● What is expected
Only the lines below starting at the one that contains "v_sig \<sigma>) ((inv" and ending at the one that contains "using stretch \<open>0" are to be reproduced, exactly and with both ends kept.
(Records supplied begins)
(* Let $\sigma:\mathbb{R}\to\mathbb{R}$ be an increasing odd homeomorphism. The union of all $\sigma$-rational lines is dense in $\mathbb{R}^2$.
   Context: $h_\sigma(x,y)=(x+\sigma^{-1}(y),y)$, $v_\sigma(x,y)=(x,\sigma(x)+y)$. The $\sigma$-rational lines are: the axes $Ox=\mathbb{R}\times\{0\}$ and $Oy=\{0\}\times\mathbb{R}$; the sets $m(Ox)$ with $m$ in the monoid (containing the identity) generated by $h_\sigma,v_\sigma$; and the sets $m(Oy)$ with $m$ in the monoid generated by $h_\sigma^{-1},v_\sigma^{-1}$. *)

theory Defs
  imports "HOL-Analysis.Analysis"
begin

definition h_sig :: "(real \<Rightarrow> real) \<Rightarrow> real \<times> real \<Rightarrow> real \<times> real" where
  "h_sig \<sigma> = (\<lambda>(x, y). (x + inv \<sigma> y, y))"

definition v_sig :: "(real \<Rightarrow> real) \<Rightarrow> real \<times> real \<Rightarrow> real \<times> real" where
  "v_sig \<sigma> = (\<lambda>(x, y). (x, \<sigma> x + y))"

inductive_set monoid_gen :: "('a \<Rightarrow> 'a) set \<Rightarrow> ('a \<Rightarrow> 'a) set" for G where
  gen_id: "id \<in> monoid_gen G"
| gen_step: "g \<in> G \<Longrightarrow> m \<in> monoid_gen G \<Longrightarrow> g \<circ> m \<in> monoid_gen G"

definition axis_x :: "(real \<times> real) set" where "axis_x = UNIV \<times> {0}"
definition axis_y :: "(real \<times> real) set" where "axis_y = {0} \<times> UNIV"

definition rational_lines :: "(real \<Rightarrow> real) \<Rightarrow> (real \<times> real) set set" where
  "rational_lines \<sigma> =
     {axis_x, axis_y}
     \<union> {m ` axis_x | m. m \<in> monoid_gen {h_sig \<sigma>, v_sig \<sigma>}}
     \<union> {m ` axis_y | m. m \<in> monoid_gen {inv (h_sig \<sigma>), inv (v_sig \<sigma>)}}"

end

theory Submission
  imports Defs
begin

text \<open>
  Let \<open>M\<close> be the monoid generated by \<open>h\<^sub>\<sigma>\<close> and \<open>v\<^sub>\<sigma>\<close>. Since the graph of \<open>\<sigma>\<close> is \<open>v\<^sub>\<sigma>(Ox)\<close>,
  every curve \<open>m(graph \<sigma>)\<close> with \<open>m \<in> M\<close> is a \<open>\<sigma>\<close>-rational line, and it suffices to approximate
  each point \<open>(a, b)\<close> of the open first quadrant by such curves: the map \<open>p \<mapsto> -p\<close> commutes
  with all generators and \<open>(x, y) \<mapsto> (-x, y)\<close> conjugates \<open>h\<^sub>\<sigma>, v\<^sub>\<sigma>\<close> to their inverses, which
  covers the other quadrants.
  Suppose the horizontal segment \<gamma> of length \<open>d\<close> starting at \<open>(a, b)\<close> met no curve \<open>m(graph \<sigma>)\<close>.
  Then every lift \<open>f\<close> of \<gamma> (a path with \<open>m \<circ> f = \<gamma>\<close>, \<open>m \<in> M\<close>) lies strictly above or strictly
  below the graph, and pulling it back by \<open>v\<^sub>\<sigma>\<^sup>-\<^sup>1\<close> resp. \<open>h\<^sub>\<sigma>\<^sup>-\<^sup>1\<close> gives a new lift inside the
  quadrant whose height drops by at least \<open>\<sigma> d\<close>, resp. whose height is kept and whose left end
  moves left by at least \<open>\<sigma>\<^sup>-\<^sup>1\<close> of the height. Such a lexicographic descent of positive reals
  cannot go on forever.
\<close>

lemma monoid_gen_generator: "g \<in> G \<Longrightarrow> g \<in> monoid_gen G"
  using gen_step[OF _ gen_id, of g G] by simp

lemma monoid_gen_comp:
  "m1 \<in> monoid_gen G \<Longrightarrow> m2 \<in> monoid_gen G \<Longrightarrow> m1 \<circ> m2 \<in> monoid_gen G"
  by (induction m1 rule: monoid_gen.induct) (auto simp: comp_assoc intro: gen_step)

lemma monoid_gen_intertwine:
  assumes "\<And>g. g \<in> A \<Longrightarrow> \<exists>g'\<in>monoid_gen B. S \<circ> g = g' \<circ> S"
    and "m \<in> monoid_gen A"
  shows "\<exists>m'\<in>monoid_gen B. S \<circ> m = m' \<circ> S"
  using assms(2)
proof (induction m rule: monoid_gen.induct)
  case gen_id
  show ?case by (intro bexI[of _ id] monoid_gen.gen_id) simp
next
  case (gen_step g m)
  obtain g' m' where "g' \<in> monoid_gen B" "S \<circ> g = g' \<circ> S" "m' \<in> monoid_gen B" "S \<circ> m = m' \<circ> S"
    using assms(1)[OF gen_step(1)] gen_step(3) by blast
  then have "S \<circ> (g \<circ> m) = (g' \<circ> m') \<circ> S"
    by (metis comp_assoc)
  then show ?case
    using \<open>g' \<in> monoid_gen B\<close> \<open>m' \<in> monoid_gen B\<close> monoid_gen_comp by blast
qed

lemma continuous_on_sign_constant:
  fixes g :: "'a::topological_space \<Rightarrow> real"
  assumes "connected S" and "continuous_on S g" and "\<And>x. x \<in> S \<Longrightarrow> g x \<noteq> 0"
  shows "(\<forall>x\<in>S. 0 < g x) \<or> (\<forall>x\<in>S. g x < 0)"
proof (rule ccontr)
  assume "\<not> ?thesis"
  then obtain p q where "p \<in> S" "q \<in> S" "g p < 0" "0 < g q"
    using assms(3) by (meson linorder_neqE_linordered_idom)
  moreover have "connected (g ` S)"
    using assms(2,1) by (rule connected_continuous_image)
  ultimately have "0 \<in> g ` S"
    unfolding connected_iff_interval by (meson imageI less_imp_le)
  then show False
    using assms(3) by force
qed

lemma no_lexicographic_descent:
  fixes Y X :: "'a \<Rightarrow> real" and \<phi> :: "real \<Rightarrow> real"
  assumes "0 < c" and \<phi>_pos: "\<And>y. 0 < y \<Longrightarrow> 0 < \<phi> y"
    and pos: "\<And>s. P s \<Longrightarrow> 0 < Y s \<and> 0 < X s"
    and descent: "\<And>s. P s \<Longrightarrow> (\<exists>s'. P s' \<and> Y s' \<le> Y s - c) \<or>
                                 (\<exists>s'. P s' \<and> Y s' = Y s \<and> X s' \<le> X s - \<phi> (Y s))"
  shows "\<not> P s"
proof -
  have "\<not> P s" if "Y s < real k * c" for k s
    using that
  proof (induction k arbitrary: s)
    case 0
    then show ?case using pos by fastforce
  next
    case (Suc k)
    have "\<not> P s" if "Y s < real (Suc k) * c" and "X s < real j * \<phi> (Y s)" for j s
      using that
    proof (induction j arbitrary: s)
      case 0
      then show ?case using pos by fastforce
    next
      case (Suc j)
      show ?case
      proof
        assume "P s"
        from descent[OF this] show False
        proof (elim disjE exE conjE)
          fix s' assume "P s'" and "Y s' \<le> Y s - c"
          with Suc.prems(1) show False
            using \<open>\<And>s. Y s < real k * c \<Longrightarrow> \<not> P s\<close> by (simp add: algebra_simps)
        next
          fix s' assume "P s'" and "Y s' = Y s" and "X s' \<le> X s - \<phi> (Y s)"
          with Suc.prems Suc.IH show False
            by (simp add: algebra_simps)
        qed
      qed
    qed
    then show ?case
      using ex_less_of_nat_mult \<phi>_pos pos Suc.prems by metis
  qed
  then show ?thesis
    using ex_less_of_nat_mult[OF \<open>0 < c\<close>] by blast
qed

locale increasing_homeomorphism =
  fixes \<sigma> :: "real \<Rightarrow> real"
  assumes sigma_strict_mono: "strict_mono \<sigma>"
    and sigma_homeomorphism: "homeomorphism UNIV UNIV \<sigma> (inv \<sigma>)"
begin

abbreviation shears :: "(real \<times> real \<Rightarrow> real \<times> real) set" where
  "shears \<equiv> monoid_gen {h_sig \<sigma>, v_sig \<sigma>}"

abbreviation inverse_shears :: "(real \<times> real \<Rightarrow> real \<times> real) set" where
  "inverse_shears \<equiv> monoid_gen {inv (h_sig \<sigma>), inv (v_sig \<sigma>)}"

lemma inv_sigma_sigma [simp]: "inv \<sigma> (\<sigma> x) = x"
  and sigma_inv_sigma [simp]: "\<sigma> (inv \<sigma> y) = y"
  using sigma_homeomorphism unfolding homeomorphism_def by auto

lemma sigma_less_iff [simp]: "\<sigma> x < \<sigma> y \<longleftrightarrow> x < y"
  and sigma_le_iff [simp]: "\<sigma> x \<le> \<sigma> y \<longleftrightarrow> x \<le> y"
  using sigma_strict_mono by (simp_all add: strict_mono_less strict_mono_less_eq)

lemma inv_sigma_less_iff [simp]: "inv \<sigma> x < inv \<sigma> y \<longleftrightarrow> x < y"
  and inv_sigma_le_iff [simp]: "inv \<sigma> x \<le> inv \<sigma> y \<longleftrightarrow> x \<le> y"
  by (metis sigma_inv_sigma sigma_less_iff, metis sigma_inv_sigma sigma_le_iff)

lemma continuous_on_sigma [continuous_intros]:
  "continuous_on S f \<Longrightarrow> continuous_on S (\<lambda>t. \<sigma> (f t))"
  and continuous_on_inv_sigma [continuous_intros]:
  "continuous_on S f \<Longrightarrow> continuous_on S (\<lambda>t. inv \<sigma> (f t))"
  using sigma_homeomorphism continuous_on_compose2[of UNIV _ S f]
  unfolding homeomorphism_def by auto

lemma h_sig_apply [simp]: "h_sig \<sigma> (x, y) = (x + inv \<sigma> y, y)"
  and v_sig_apply [simp]: "v_sig \<sigma> (x, y) = (x, \<sigma> x + y)"
  by (simp_all add: h_sig_def v_sig_def)

lemma inv_h_sig: "inv (h_sig \<sigma>) = (\<lambda>(x, y). (x - inv \<sigma> y, y))"
  and inv_v_sig: "inv (v_sig \<sigma>) = (\<lambda>(x, y). (x, y - \<sigma> x))"
  by (rule inv_unique_comp; auto simp: fun_eq_iff)+

lemma shear_image_graph_in_rational_lines:
  "m \<in> shears \<Longrightarrow> m ` range (\<lambda>x. (x, \<sigma> x)) \<in> rational_lines \<sigma>"
proof -
  assume "m \<in> shears"
  then have "m \<circ> v_sig \<sigma> \<in> shears"
    by (simp add: monoid_gen_comp monoid_gen_generator)
  moreover have "m ` range (\<lambda>x. (x, \<sigma> x)) = (m \<circ> v_sig \<sigma>) ` axis_x"
    by (auto simp: axis_x_def image_iff)
  ultimately show ?thesis
    unfolding rational_lines_def by blast
qed

text \<open>
  The endpoint conditions are what both pull-backs preserve: the stretch \<open>d\<close> forces the drop
  \<open>\<sigma> (x(1)) \<ge> \<sigma> d\<close> under \<open>v\<^sub>\<sigma>\<^sup>-\<^sup>1\<close>, and the non-increasing height keeps the stretch under \<open>h\<^sub>\<sigma>\<^sup>-\<^sup>1\<close>.
\<close>

definition quadrant_lift :: "real \<Rightarrow> (real \<Rightarrow> real \<times> real) \<Rightarrow> (real \<Rightarrow> real \<times> real) \<Rightarrow> bool"
  where "quadrant_lift d \<gamma> f \<longleftrightarrow>
    continuous_on {0..1} f \<and>
    (\<forall>t\<in>{0..1}. 0 < fst (f t) \<and> 0 < snd (f t)) \<and>
    (\<exists>m\<in>shears. \<forall>t\<in>{0..1}. m (f t) = \<gamma> t) \<and>
    fst (f 0) + d \<le> fst (f 1) \<and> snd (f 1) \<le> snd (f 0)"

lemma quadrant_lift_side_of_graph:
  assumes "quadrant_lift d \<gamma> f"
    and avoid: "\<And>m x t. m \<in> shears \<Longrightarrow> t \<in> {0..1} \<Longrightarrow> m (x, \<sigma> x) \<noteq> \<gamma> t"
  shows "(\<forall>t\<in>{0..1}. \<sigma> (fst (f t)) < snd (f t)) \<or> (\<forall>t\<in>{0..1}. snd (f t) < \<sigma> (fst (f t)))"
proof -
  obtain m where "m \<in> shears" and lift: "\<forall>t\<in>{0..1}. m (f t) = \<gamma> t"
    using assms(1) unfolding quadrant_lift_def by blast
  have "snd (f t) - \<sigma> (fst (f t)) \<noteq> 0" if "t \<in> {0..1}" for t
    using avoid[OF \<open>m \<in> shears\<close> that, of "fst (f t)"] lift that by (metis eq_iff_diff_eq_0 prod.collapse)
  moreover have "continuous_on {0..1} (\<lambda>t. snd (f t) - \<sigma> (fst (f t)))"
    using assms(1) unfolding quadrant_lift_def by (intro continuous_intros) auto
  ultimately have "(\<forall>t\<in>{0..1}. 0 < snd (f t) - \<sigma> (fst (f t))) \<or>
      (\<forall>t\<in>{0..1}. snd (f t) - \<sigma> (fst (f t)) < 0)"
    by (intro continuous_on_sign_constant) auto
  then show ?thesis
    by (simp only: diff_gt_0_iff_gt diff_less_0_iff_less)
qed

lemma quadrant_lift_above_graph:
  assumes "0 \<le> d" and "quadrant_lift d \<gamma> f" and above: "\<And>t. t \<in> {0..1} \<Longrightarrow> \<sigma> (fst (f t)) < snd (f t)"
  shows "quadrant_lift d \<gamma> (inv (v_sig \<sigma>) \<circ> f)"
    and "snd ((inv (v_sig \<sigma>) \<circ> f) 1) \<le> snd (f 1) - \<sigma> d"
proof -
  obtain m where m: "m \<in> shears" "\<forall>t\<in>{0..1}. m (f t) = \<gamma> t"
    and cont: "continuous_on {0..1} f" and pos: "\<forall>t\<in>{0..1}. 0 < fst (f t) \<and> 0 < snd (f t)"
    and stretch: "fst (f 0) + d \<le> fst (f 1)" and height: "snd (f 1) \<le> snd (f 0)"
    using assms(2) unfolding quadrant_lift_def by blast
  have f': "inv (v_sig \<sigma>) \<circ> f = (\<lambda>t. (fst (f t), snd (f t) - \<sigma> (fst (f t))))"
    by (simp add: inv_v_sig comp_def case_prod_beta)
  have "m \<circ> v_sig \<sigma> \<in> shears"
    using m(1) by (simp add: monoid_gen_comp monoid_gen_generator)
  moreover have "\<forall>t\<in>{0..1}. (m \<circ> v_sig \<sigma>) ((inv (v_sig \<sigma>) \<circ> f) t) = \<gamma> t"
    using m(2) by (simp add: f')
  moreover have "continuous_on {0..1} (inv (v_sig \<sigma>) \<circ> f)"
    unfolding f' using cont by (intro continuous_intros)
  moreover have "\<sigma> (fst (f 0)) \<le> \<sigma> (fst (f 1))"
    using stretch \<open>0 \<le> d\<close> by simp
  ultimately show "quadrant_lift d \<gamma> (inv (v_sig \<sigma>) \<circ> f)"
    unfolding quadrant_lift_def using pos above stretch height
    by (auto simp only: f' prod.sel) auto
  have "\<sigma> d \<le> \<sigma> (fst (f 1))"
    using stretch pos[rule_format, of 0] by simp
  then show "snd ((inv (v_sig \<sigma>) \<circ> f) 1) \<le> snd (f 1) - \<sigma> d"
    by (simp add: f')
qed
(Records supplied ends)
● Reply to the task
  moreover have "\<forall>t\<in>{0..1}. (m \<circ> v_sig \<sigma>) ((inv (v_sig \<sigma>) \<circ> f) t) = \<gamma> t"
    using m(2) by (simp add: f')
  moreover have "continuous_on {0..1} (inv (v_sig \<sigma>) \<circ> f)"
    unfolding f' using cont by (intro continuous_intros)
  moreover have "\<sigma> (fst (f 0)) \<le> \<sigma> (fst (f 1))"
    using stretch \<open>0 \<le> d\<close> by simp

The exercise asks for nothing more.